(* Let $Q\subset S^d$ be affinely independent, and let $S(C,R)$ be its touching sphere. Then $Q$ is nearly positively spanning if and only if $C\in\mathrm{conv}\,Q$. In this case $\mathrm{def}\,Q=\sqrt{1-R^2}$.
   Context: $S^d$ is the unit sphere in $\mathbb{R}^{d+1}$, $O$ is the origin, and $S(C,R)=\{x\in\mathbb{R}^{d+1}:\|x-C\|=R\}$. The touching sphere of an affinely independent set $Q$ is the unique sphere $S(C,R)$ with $C\in\mathrm{aff}\,Q$ and $Q\subset S(C,R)$. The set $Q$ is nearly positively spanning if it is affinely independent and the orthogonal projection $O'$ of $O$ onto $\mathrm{aff}\,Q$ lies in $\mathrm{conv}\,Q$. Its deficiency is then $\mathrm{def}\,Q=\|O'\|$. *)

theory Defs
  imports "HOL-Analysis.Analysis"
begin

definition touching_sphere :: "'a::euclidean_space set \<Rightarrow> 'a \<Rightarrow> real \<Rightarrow> bool" where
  "touching_sphere Q C R \<longleftrightarrow> C \<in> affine hull Q \<and> Q \<subseteq> sphere C R"

definition proj_origin :: "'a::euclidean_space set \<Rightarrow> 'a" where
  "proj_origin Q = closest_point (affine hull Q) 0"

definition nearly_pos_spanning :: "'a::euclidean_space set \<Rightarrow> bool" where
  "nearly_pos_spanning Q \<longleftrightarrow> \<not> affine_dependent Q \<and> proj_origin Q \<in> convex hull Q"

definition deficiency :: "'a::euclidean_space set \<Rightarrow> real" where
  "deficiency Q = norm (proj_origin Q)"

end

theory Submission
  imports Defs
begin

text \<open>The unit sphere and the touching sphere \<open>S(C,R)\<close> meet in a hyperplane orthogonal to \<open>C\<close>,
  which therefore contains \<open>aff Q\<close>. As \<open>C\<close> itself lies in \<open>aff Q\<close>, this hyperplane passes
  through \<open>C\<close>, so \<open>C\<close> is the foot \<open>O'\<close> of the perpendicular from the origin, and Pythagoras
  gives \<open>|C|\<^sup>2 + R\<^sup>2 = 1\<close>.\<close>

lemma sphere_inter_sphere_subset_hyperplane:
  fixes C :: "'a::real_inner"
  shows "sphere 0 r \<inter> sphere C R \<subseteq> {y. C \<bullet> y = (r\<^sup>2 + C \<bullet> C - R\<^sup>2) / 2}"
proof
  fix y assume "y \<in> sphere 0 r \<inter> sphere C R"
  then have "y \<bullet> y = r\<^sup>2" "(y - C) \<bullet> (y - C) = R\<^sup>2"
    by (auto simp flip: power2_norm_eq_inner simp: dist_norm norm_minus_commute)
  then show "y \<in> {y. C \<bullet> y = (r\<^sup>2 + C \<bullet> C - R\<^sup>2) / 2}"
    by (simp add: inner_diff_left inner_diff_right inner_commute algebra_simps)
qed

lemma closest_point_origin_eq:
  fixes S :: "'a::euclidean_space set"
  assumes "convex S" "closed S" "C \<in> S" "S \<subseteq> {y. C \<bullet> y = C \<bullet> C}"
  shows "closest_point S 0 = C"
proof (rule closest_point_unique[symmetric, OF assms(1-3)])
  show "\<forall>z\<in>S. dist 0 C \<le> dist 0 z"
  proof
    fix z assume "z \<in> S"
    with assms(4) have "z \<bullet> z = (z - C) \<bullet> (z - C) + C \<bullet> C"
      by (auto simp: inner_diff_left inner_diff_right inner_commute algebra_simps)
    then have "C \<bullet> C \<le> z \<bullet> z" by simp
    then show "dist 0 C \<le> dist 0 z"
      by (simp add: norm_eq_sqrt_inner)
  qed
qed

lemma touching_sphere_unit_sphere:
  fixes Q :: "'a::euclidean_space set"
  assumes "Q \<subseteq> sphere 0 1" "touching_sphere Q C R"
  shows "affine hull Q \<subseteq> {y. C \<bullet> y = C \<bullet> C}" and "R\<^sup>2 = 1 - (norm C)\<^sup>2"
proof -
  have C: "C \<in> affine hull Q" and "Q \<subseteq> sphere C R"
    using assms(2) unfolding touching_sphere_def by auto
  with assms(1) have "Q \<subseteq> {y. C \<bullet> y = (1 + C \<bullet> C - R\<^sup>2) / 2}"
    using sphere_inter_sphere_subset_hyperplane[of 1 C R] by auto
  then have hull: "affine hull Q \<subseteq> {y. C \<bullet> y = (1 + C \<bullet> C - R\<^sup>2) / 2}"
    by (rule hull_minimal) (rule affine_hyperplane)
  with C have "C \<bullet> C = (1 + C \<bullet> C - R\<^sup>2) / 2"
    by auto
  with hull show "affine hull Q \<subseteq> {y. C \<bullet> y = C \<bullet> C}" and "R\<^sup>2 = 1 - (norm C)\<^sup>2"
    by (auto simp: power2_norm_eq_inner)
qed

lemma proj_origin_eq_touching_centre:
  fixes Q :: "'a::euclidean_space set"
  assumes "Q \<subseteq> sphere 0 1" "touching_sphere Q C R"
  shows "proj_origin Q = C"
  unfolding proj_origin_def
proof (rule closest_point_origin_eq)
  show "convex (affine hull Q)" "closed (affine hull Q)"
    by (simp_all add: affine_imp_convex)
  show "C \<in> affine hull Q"
    using assms(2) unfolding touching_sphere_def by blast
  show "affine hull Q \<subseteq> {y. C \<bullet> y = C \<bullet> C}"
    using touching_sphere_unit_sphere(1)[OF assms] .
qed

theorem proposition2p5:
  fixes Q :: "'a::euclidean_space set" and C :: 'a and R :: real
  assumes "Q \<subseteq> sphere 0 1"
    and "\<not> affine_dependent Q"
    and "touching_sphere Q C R"
  shows "(nearly_pos_spanning Q \<longleftrightarrow> C \<in> convex hull Q) \<and>
         (nearly_pos_spanning Q \<longrightarrow> deficiency Q = sqrt (1 - R\<^sup>2))"
proof -
  have "proj_origin Q = C"
    using proj_origin_eq_touching_centre[OF assms(1,3)] .
  moreover have "sqrt (1 - R\<^sup>2) = norm C"
    using touching_sphere_unit_sphere(2)[OF assms(1,3)] by simp
  ultimately show ?thesis
    using assms(2) unfolding nearly_pos_spanning_def deficiency_def by simp
qed

end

------------------------------------------------------------------------

** Assignment **
Every record, restated word for word, should make up your reply.

** Response to the task **
(* Let $Q\subset S^d$ be affinely independent, and let $S(C,R)$ be its touching sphere. Then $Q$ is nearly positively spanning if and only if $C\in\mathrm{conv}\,Q$. In this case $\mathrm{def}\,Q=\sqrt{1-R^2}$.
   Context: $S^d$ is the unit sphere in $\mathbb{R}^{d+1}$, $O$ is the origin, and $S(C,R)=\{x\in\mathbb{R}^{d+1}:\|x-C\|=R\}$. The touching sphere of an affinely independent set $Q$ is the unique sphere $S(C,R)$ with $C\in\mathrm{aff}\,Q$ and $Q\subset S(C,R)$. The set $Q$ is nearly positively spanning if it is affinely independent and the orthogonal projection $O'$ of $O$ onto $\mathrm{aff}\,Q$ lies in $\mathrm{conv}\,Q$. Its deficiency is then $\mathrm{def}\,Q=\|O'\|$. *)

theory Defs
  imports "HOL-Analysis.Analysis"
begin

definition touching_sphere :: "'a::euclidean_space set \<Rightarrow> 'a \<Rightarrow> real \<Rightarrow> bool" where
  "touching_sphere Q C R \<longleftrightarrow> C \<in> affine hull Q \<and> Q \<subseteq> sphere C R"

definition proj_origin :: "'a::euclidean_space set \<Rightarrow> 'a" where
  "proj_origin Q = closest_point (affine hull Q) 0"

definition nearly_pos_spanning :: "'a::euclidean_space set \<Rightarrow> bool" where
  "nearly_pos_spanning Q \<longleftrightarrow> \<not> affine_dependent Q \<and> proj_origin Q \<in> convex hull Q"

definition deficiency :: "'a::euclidean_space set \<Rightarrow> real" where
  "deficiency Q = norm (proj_origin Q)"

end

theory Submission
  imports Defs
begin

text \<open>The unit sphere and the touching sphere \<open>S(C,R)\<close> meet in a hyperplane orthogonal to \<open>C\<close>,
  which therefore contains \<open>aff Q\<close>. As \<open>C\<close> itself lies in \<open>aff Q\<close>, this hyperplane passes
  through \<open>C\<close>, so \<open>C\<close> is the foot \<open>O'\<close> of the perpendicular from the origin, and Pythagoras
  gives \<open>|C|\<^sup>2 + R\<^sup>2 = 1\<close>.\<close>

lemma sphere_inter_sphere_subset_hyperplane:
  fixes C :: "'a::real_inner"
  shows "sphere 0 r \<inter> sphere C R \<subseteq> {y. C \<bullet> y = (r\<^sup>2 + C \<bullet> C - R\<^sup>2) / 2}"
proof
  fix y assume "y \<in> sphere 0 r \<inter> sphere C R"
  then have "y \<bullet> y = r\<^sup>2" "(y - C) \<bullet> (y - C) = R\<^sup>2"
    by (auto simp flip: power2_norm_eq_inner simp: dist_norm norm_minus_commute)
  then show "y \<in> {y. C \<bullet> y = (r\<^sup>2 + C \<bullet> C - R\<^sup>2) / 2}"
    by (simp add: inner_diff_left inner_diff_right inner_commute algebra_simps)
qed

lemma closest_point_origin_eq:
  fixes S :: "'a::euclidean_space set"
  assumes "convex S" "closed S" "C \<in> S" "S \<subseteq> {y. C \<bullet> y = C \<bullet> C}"
  shows "closest_point S 0 = C"
proof (rule closest_point_unique[symmetric, OF assms(1-3)])
  show "\<forall>z\<in>S. dist 0 C \<le> dist 0 z"
  proof
    fix z assume "z \<in> S"
    with assms(4) have "z \<bullet> z = (z - C) \<bullet> (z - C) + C \<bullet> C"
      by (auto simp: inner_diff_left inner_diff_right inner_commute algebra_simps)
    then have "C \<bullet> C \<le> z \<bullet> z" by simp
    then show "dist 0 C \<le> dist 0 z"
      by (simp add: norm_eq_sqrt_inner)
  qed
qed

lemma touching_sphere_unit_sphere:
  fixes Q :: "'a::euclidean_space set"
  assumes "Q \<subseteq> sphere 0 1" "touching_sphere Q C R"
  shows "affine hull Q \<subseteq> {y. C \<bullet> y = C \<bullet> C}" and "R\<^sup>2 = 1 - (norm C)\<^sup>2"
proof -
  have C: "C \<in> affine hull Q" and "Q \<subseteq> sphere C R"
    using assms(2) unfolding touching_sphere_def by auto
  with assms(1) have "Q \<subseteq> {y. C \<bullet> y = (1 + C \<bullet> C - R\<^sup>2) / 2}"
    using sphere_inter_sphere_subset_hyperplane[of 1 C R] by auto
  then have hull: "affine hull Q \<subseteq> {y. C \<bullet> y = (1 + C \<bullet> C - R\<^sup>2) / 2}"
    by (rule hull_minimal) (rule affine_hyperplane)
  with C have "C \<bullet> C = (1 + C \<bullet> C - R\<^sup>2) / 2"
    by auto
  with hull show "affine hull Q \<subseteq> {y. C \<bullet> y = C \<bullet> C}" and "R\<^sup>2 = 1 - (norm C)\<^sup>2"
    by (auto simp: power2_norm_eq_inner)
qed

lemma proj_origin_eq_touching_centre:
  fixes Q :: "'a::euclidean_space set"
  assumes "Q \<subseteq> sphere 0 1" "touching_sphere Q C R"
  shows "proj_origin Q = C"
  unfolding proj_origin_def
proof (rule closest_point_origin_eq)
  show "convex (affine hull Q)" "closed (affine hull Q)"
    by (simp_all add: affine_imp_convex)
  show "C \<in> affine hull Q"
    using assms(2) unfolding touching_sphere_def by blast
  show "affine hull Q \<subseteq> {y. C \<bullet> y = C \<bullet> C}"
    using touching_sphere_unit_sphere(1)[OF assms] .
qed

theorem proposition2p5:
  fixes Q :: "'a::euclidean_space set" and C :: 'a and R :: real
  assumes "Q \<subseteq> sphere 0 1"
    and "\<not> affine_dependent Q"
    and "touching_sphere Q C R"
  shows "(nearly_pos_spanning Q \<longleftrightarrow> C \<in> convex hull Q) \<and>
         (nearly_pos_spanning Q \<longrightarrow> deficiency Q = sqrt (1 - R\<^sup>2))"
proof -
  have "proj_origin Q = C"
    using proj_origin_eq_touching_centre[OF assms(1,3)] .
  moreover have "sqrt (1 - R\<^sup>2) = norm C"
    using touching_sphere_unit_sphere(2)[OF assms(1,3)] by simp
  ultimately show ?thesis
    using assms(2) unfolding nearly_pos_spanning_def deficiency_def by simp
qed

end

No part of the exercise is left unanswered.